__Source records__:
┄┄┄┄┄┄┄┄┄┄┄┄┄┄┄┄┄┄┄┄

lemma tangent_iso_add:
  assumes fine: "fine_diffeology D" and A: "A \<in> Tsp D x" and B: "B \<in> Tsp D x"
  shows "tangent_iso D x (T_add D x A B) = tangent_iso D x A + tangent_iso D x B"
proof -
  obtain s where s: "s \<in> DS D x" "A = tcls D x s" using A by (rule Tsp_cases)
  obtain t where t: "t \<in> DS D x" "B = tcls D x t" using B by (rule Tsp_cases)
  show ?thesis
    using tangent_iso_tcls[OF fine] total_diff_add[OF fine s(1) t(1)] T_add_tcls[OF s(1) t(1)]
      DS_add[OF s(1) t(1)] s t by simp
qed

lemma tangent_iso_scale:
  assumes fine: "fine_diffeology D" and A: "A \<in> Tsp D x"
  shows "tangent_iso D x (T_scale D x r A) = r *\<^sub>R tangent_iso D x A"
proof -
  obtain s where s: "s \<in> DS D x" "A = tcls D x s" using A by (rule Tsp_cases)
  show ?thesis
    using tangent_iso_tcls[OF fine] total_diff_scale[OF fine s(1)] T_scale_tcls[OF s(1)]
      DS_scale[OF s(1)] s by simp
qed

section \<open>Reduction to linear plots\<close>

text \<open>The linear plot \<open>y \<mapsto> \<Sum>k<K. y\<^sub>k ws\<^sub>k\<close> on all of \<open>\<real>\<^sup>K\<close>; every element of the direct sum
  is equivalent to a single vector on one such plot.\<close>

definition lincomb :: "nat \<Rightarrow> (nat \<Rightarrow> 'v::real_vector) \<Rightarrow> rn \<Rightarrow> 'v" where
  "lincomb K ws y = (\<Sum>k<K. y k *\<^sub>R ws k)"

definition lin_obj :: "nat \<Rightarrow> (nat \<Rightarrow> 'v::real_vector) \<Rightarrow> 'v pidx" where
  "lin_obj K ws = (K, Rn K, lincomb K ws)"

definition matrix_map :: "nat \<Rightarrow> nat \<Rightarrow> (nat \<Rightarrow> nat \<Rightarrow> real) \<Rightarrow> rn \<Rightarrow> rn" where
  "matrix_map K' K M y = (\<lambda>j. if j < K' then \<Sum>m<K. M j m * y m else 0)"

lemma matrix_map_Rn: "matrix_map K' K M y \<in> Rn K'"
  unfolding matrix_map_def Rn_def by auto

lemma matrix_map_orig: "matrix_map K' K M orig = orig"
  unfolding matrix_map_def orig_def by auto

lemma smooth_map_matrix_map:
  assumes W: "open_Rn n W" shows "smooth_map n W K' (Rn K') (matrix_map K' K M)"
proof (rule smooth_mapI)
  fix j assume "j < K'"
  hence "(\<lambda>u. matrix_map K' K M u j) = (\<lambda>u. \<Sum>m<K. M j m * u m)" unfolding matrix_map_def by auto
  thus "smooth_real n W (\<lambda>u. matrix_map K' K M u j)" using smooth_lincomb_coords[OF W] by simp
qed (auto simp: matrix_map_Rn)

lemma dmap_matrix_map: "dmap n (matrix_map K' n M) v = matrix_map K' n M v"
proof (rule ext)
  fix j
  show "dmap n (matrix_map K' n M) v j = matrix_map K' n M v j"
  proof (cases "j < K'")
    case True
    hence "(\<lambda>u. matrix_map K' n M u j) = (\<lambda>u. \<Sum>m<n. M j m * u m)" unfolding matrix_map_def by auto
    hence "dmap n (matrix_map K' n M) v j = (\<Sum>i<n. (if i < n then M j i else 0) * v i)"
      unfolding dmap_def by (simp add: pd_lincomb_coords)
    also have "\<dots> = (\<Sum>i<n. M j i * v i)" by (rule sum.cong) auto
    finally show ?thesis using True unfolding matrix_map_def by simp
  next
    case False
    hence "(\<lambda>u. matrix_map K' n M u j) = (\<lambda>u. 0)" unfolding matrix_map_def by auto
    thus ?thesis unfolding dmap_def using False unfolding matrix_map_def by simp
  qed
qed

lemma lincomb_orig [simp]: "lincomb K ws orig = 0"
  unfolding lincomb_def orig_def by simp

lemma lincomb_add: "lincomb K ws (\<lambda>i. u i + w i) = lincomb K ws u + lincomb K ws w"
  unfolding lincomb_def by (simp add: scaleR_add_left sum.distrib)

lemma fine_plot_lincomb:
  assumes "fine_diffeology D" shows "D K (Rn K) (lincomb K ws)"
  unfolding lincomb_def
  using dvs_diffeology_lincomb[OF fine_imp_dvs[OF assms] open_Rn_Rn, where r = "\<lambda>k y. y k"]
  by (simp add: smooth_coord)

lemma centred_lin_obj: "fine_diffeology D \<Longrightarrow> centred D 0 (lin_obj K ws)"
  unfolding centred_def lin_obj_def using fine_plot_lincomb connected_Rn_Rn by auto

lemma plot_diff_lincomb_self: "plot_diff K (lincomb K ws) a = lincomb K ws a"
proof -
  have "plot_diff K (lincomb K ws) a = (\<Sum>k<K. (\<Sum>i<K. pd i (\<lambda>y. y k) orig * a i) *\<^sub>R ws k)"
    by (rule plot_diff_lincomb[OF open_Rn_Rn orig_Rn]) (auto simp: lincomb_def intro: smooth_coord)
  also have "\<dots> = lincomb K ws a"
    unfolding lincomb_def by (rule sum.cong[OF refl]) (simp add: pd_coord sum_indicator_mult)
  finally show ?thesis .
qed

lemma DS_delta_lin_obj: "fine_diffeology D \<Longrightarrow> a \<in> Rn K \<Longrightarrow> delta (lin_obj K ws) a \<in> DS D 0"
  by (rule DS_delta[OF centred_lin_obj]) (simp_all add: lin_obj_def)

lemma REL_lin_obj_morph:
  assumes fine: "fine_diffeology D"
    and eq: "\<forall>y\<in>Rn K1. lincomb K2 ws2 (matrix_map K2 K1 M y) = lincomb K1 ws1 y"
    and a: "a \<in> Rn K1"
  shows "ds_sub (delta (lin_obj K1 ws1) a) (delta (lin_obj K2 ws2) (matrix_map K2 K1 M a)) \<in> REL D 0"
proof -
  have "tmorph D 0 (lin_obj K1 ws1) (lin_obj K2 ws2) (matrix_map K2 K1 M)"
    unfolding tmorph_def using centred_lin_obj[OF fine] smooth_map_matrix_map[OF open_Rn_Rn]
      matrix_map_orig eq unfolding lin_obj_def by auto
  from REL_generator[OF this] a show ?thesis by (simp add: lin_obj_def dmap_matrix_map)
qed

text \<open>A vector \<open>a\<close> with \<open>\<Sum>\<^sub>k a\<^sub>k ws\<^sub>k = 0\<close> is killed by the orthogonal projection along \<open>a\<close>,
  which is an endomorphism of the linear plot.\<close>

lemma REL_delta_lin_obj_if_lincomb_zero:
  assumes fine: "fine_diffeology D" and a: "a \<in> Rn K" and z: "lincomb K ws a = 0"
  shows "delta (lin_obj K ws) a \<in> REL D 0"
proof (cases "a = orig")
  case True thus ?thesis using REL_zero by (simp add: delta_def ds_zero_def)
next
  case False
  then obtain k0 where k0: "a k0 \<noteq> 0" unfolding orig_def by auto
  hence "k0 < K" using a unfolding Rn_def by (metis (mono_tags) mem_Collect_eq not_less)
  define q where "q = (\<Sum>k<K. a k * a k)"
  have q: "q > 0"
    unfolding q_def using \<open>k0 < K\<close> k0
    by (intro sum_pos2[of _ k0]) (auto simp: zero_less_mult_iff linorder_neq_iff)
  define M where "M j m = (if j = m then 1 else 0) - a j * a m / q" for j m
  have M: "matrix_map K K M y j = (if j < K then y j - a j * (\<Sum>m<K. a m * y m) / q else 0)" for y j
  proof (cases "j < K")
    case True
    have "(\<Sum>m<K. M j m * y m) = (\<Sum>m<K. (if j = m then 1 else 0) * y m) - (\<Sum>m<K. a j * a m / q * y m)"
      unfolding M_def by (simp add: left_diff_distrib sum_subtractf)
    also have "\<dots> = y j - a j * (\<Sum>m<K. a m * y m) / q"
      using True by (simp add: sum_indicator_mult sum_distrib_left sum_divide_distrib mult.assoc)
    finally show ?thesis unfolding matrix_map_def using True by simp
  qed (simp add: matrix_map_def)
  have "lincomb K ws (matrix_map K K M y) = lincomb K ws y" for y
  proof -
    have "lincomb K ws (matrix_map K K M y) = lincomb K ws y - ((\<Sum>m<K. a m * y m) / q) *\<^sub>R lincomb K ws a"
      unfolding lincomb_def M
      by (simp add: scaleR_diff_left sum_subtractf scaleR_sum_right mult.commute)
    thus ?thesis using z by simp
  qed
  hence "ds_sub (delta (lin_obj K ws) a) (delta (lin_obj K ws) (matrix_map K K M a)) \<in> REL D 0"
    by (intro REL_lin_obj_morph[OF fine _ a]) simp
  moreover have "matrix_map K K M a = orig"
    using q unfolding M orig_def q_def[symmetric] by (simp add: fun_eq_iff)
  moreover have "ds_sub (delta (lin_obj K ws) a) (delta (lin_obj K ws) orig) = delta (lin_obj K ws) a"
    unfolding ds_sub_def delta_def orig_def by (simp add: fun_eq_iff)
  ultimately show ?thesis by simp
qed
lemma convex_C0_semigroup_continuous_from_left:
  assumes "0 < t"
  shows "((\<lambda>s. S s x) \<longlongrightarrow> S t x) (at_left t)"
proof -
  obtain \<delta> where "0 < \<delta>"
    and near_zero: "\<And>t'. t' \<in> {0<..\<delta>} \<Longrightarrow> ((\<lambda>s. S s x) \<longlongrightarrow> S t' x) (at_left t')"
    using convex_C0_semigroup_continuous_from_left_near_zero by blast
  \<comment> \<open>S s x = S a (S (s - a) x) reduces left continuity at t to left continuity at t' \<le> \<delta>\<close>
  define t' where "t' = min \<delta> t / 2"
  define a where "a = t - t'"
  have "0 < t'" "t' \<le> \<delta>" "0 < a" using assms \<open>0 < \<delta>\<close> by (auto simp: t'_def a_def)
  have "((\<lambda>s. s - a) \<longlongrightarrow> t - a) (at_left t)"
    by (intro tendsto_intros)
  moreover have "\<forall>\<^sub>F s in at_left t. s - a \<in> {..<t'}"
    by (auto simp: eventually_at_left_field a_def intro!: exI[of _ 0] assms)
  ultimately have shift: "filterlim (\<lambda>s. s - a) (at_left t') (at_left t)"
    by (simp add: filterlim_at eventually_mono a_def)
  have "((\<lambda>s. S s x) \<longlongrightarrow> S t' x) (at_left t')"
    using near_zero \<open>0 < t'\<close> \<open>t' \<le> \<delta>\<close> by simp
  then have "((\<lambda>s. S (s - a) x) \<longlongrightarrow> S t' x) (at_left t)"
    using shift by (rule filterlim_compose)
  then have "((\<lambda>s. S a (S (s - a) x)) \<longlongrightarrow> S a (S t' x)) (at_left t)"
    using \<open>0 < a\<close> by (intro isCont_tendsto_compose[OF convex_C0_semigroup_isCont]) simp_all
  moreover have "S a (S t' x) = S t x"
    using convex_C0_semigroup_add[of a t' x] \<open>0 < a\<close> \<open>0 < t'\<close> by (simp add: a_def)
  ultimately have "((\<lambda>s. S a (S (s - a) x)) \<longlongrightarrow> S t x) (at_left t)" by simp
  moreover have "\<forall>\<^sub>F s in at_left t. a < s"
    using \<open>0 < t'\<close> by (auto simp: eventually_at_left_field a_def intro!: exI[of _ a])
  then have "\<forall>\<^sub>F s in at_left t. S a (S (s - a) x) = S s x"
    by (rule eventually_mono) (use convex_C0_semigroup_add[of a "_ - a" x] \<open>0 < a\<close> in simp)
  ultimately show ?thesis by (rule Lim_transform_eventually)
qed

end

theorem corollary2p5:
  fixes S :: "real \<Rightarrow> 'a::banach_lattice \<Rightarrow> 'a"
  assumes "convex_C0_semigroup S"
  shows "\<forall>x. continuous_on {0..} (\<lambda>t. S t x)"
  unfolding continuous_on_def
proof (intro allI ballI)
  fix x and t :: real
  assume "t \<in> {0..}"
  show "((\<lambda>t. S t x) \<longlongrightarrow> S t x) (at t within {0..})"
  proof (cases "t = 0")
    case True
    then show ?thesis
      using convex_C0_semigroup_continuous_from_right[OF assms, of 0 x]
      by (simp add: at_within_Ici_at_right)
  next
    case False
    with \<open>t \<in> {0..}\<close> have "((\<lambda>t. S t x) \<longlongrightarrow> S t x) (at t)"
      by (intro filterlim_split_at convex_C0_semigroup_continuous_from_left[OF assms]
          convex_C0_semigroup_continuous_from_right[OF assms]) auto
    then show ?thesis by (rule tendsto_within_subset) simp
  qed
qed

end
lemma basic_sol_unique:
  fixes A :: "real^'d^'m"
  assumes "is_basis A I" "supp_in I x" "A *v x = v"
  shows "basic_sol A I v = x"
  using basic_sol_ex1[OF assms(1), of v] basic_sol[OF assms(1), of v] assms by blast

lemma linear_basic_sol:
  fixes A :: "real^'d^'m"
  assumes "is_basis A I"
  shows "linear (basic_sol A I)"
proof (rule linearI)
  show "basic_sol A I (u + v) = basic_sol A I u + basic_sol A I v" for u v
    using basic_sol[OF assms] by (intro basic_sol_unique[OF assms])
      (auto simp: supp_in_def matrix_vector_right_distrib)
  show "basic_sol A I (r *\<^sub>R u) = r *\<^sub>R basic_sol A I u" for r u
    using basic_sol[OF assms] by (intro basic_sol_unique[OF assms])
      (auto simp: supp_in_def matrix_vector_mult_scaleR)
qed

lemma basic_sol_add:
  "is_basis A I \<Longrightarrow> basic_sol A I (u + v) = basic_sol A I u + basic_sol A I v"
  using linear_basic_sol linear_add by blast

lemma basic_sol_scaleR:
  "is_basis A I \<Longrightarrow> basic_sol A I (r *\<^sub>R u) = r *\<^sub>R basic_sol A I u"
  using linear_basic_sol linear_scale by blast

lemma continuous_on_basic_sol: "is_basis A I \<Longrightarrow> continuous_on S (basic_sol A I)"
  by (intro linear_continuous_on linear_conv_bounded_linear[THEN iffD1] linear_basic_sol)
(* Let $s\geq 1$ and $t\geq 3$ be integers. Let $G$ be a bipartite graph with bipartition $A\cup B$, $|B|=n$, which contains no copy of $L'_{s,t}$ as a subgraph, and suppose that $W(A)\geq 8(s+t)^2 n$. Then the number of light edges in $W_G$ (i.e. the number of unordered pairs of distinct vertices of $A$ forming a light edge) is at least $\frac{W(A)}{4(s+t)^3}$.
   Context: For a bipartite graph $G$ with bipartition $A\cup B$, write $d_G(u,v)=|N_G(u)\cap N_G(v)|$ for $u,v\in A$, where $N_G(x)$ is the neighbourhood of $x$ in $G$. The neighbourhood graph $W_G$ is the weighted graph on $A$ where the pair $uv$ has weight $d_G(u,v)$. For $U\subseteq A$, $W(U)=\sum_{\{u,v\}\in\binom{U}{2}} d_G(u,v)$. A pair $uv$ of distinct vertices of $A$ is a light edge if $1\leq d_G(u,v)<\binom{s+t-1}{2}$ and a heavy edge if $d_G(u,v)\geq\binom{s+t-1}{2}$. The subdivision of a graph $L$ is the bipartite graph with parts $V(L)$ and $E(L)$ in which $v\in V(L)$ is adjacent to $e\in E(L)$ iff $v$ is an endpoint of $e$. $L_{s,t}$ is the graph on vertex set $S\cup T$, $S\cap T=\emptyset$, $|S|=s$, $|T|=t-1$, where distinct $x,y$ are adjacent iff $x\in T$ or $y\in T$; $L'_{s,t}$ is its subdivision. *)

theory Defs
  imports Complex_Main
begin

┄┄┄┄┄┄┄┄┄┄┄┄┄┄┄┄┄┄┄┄

__Work task__:
Would you report every line of the entries above containing the word "blast"?

__Task answer__:
    using convex_C0_semigroup_continuous_from_left_near_zero by blast
  using basic_sol_ex1[OF assms(1), of v] basic_sol[OF assms(1), of v] assms by blast
  using linear_basic_sol linear_add by blast
  using linear_basic_sol linear_scale by blast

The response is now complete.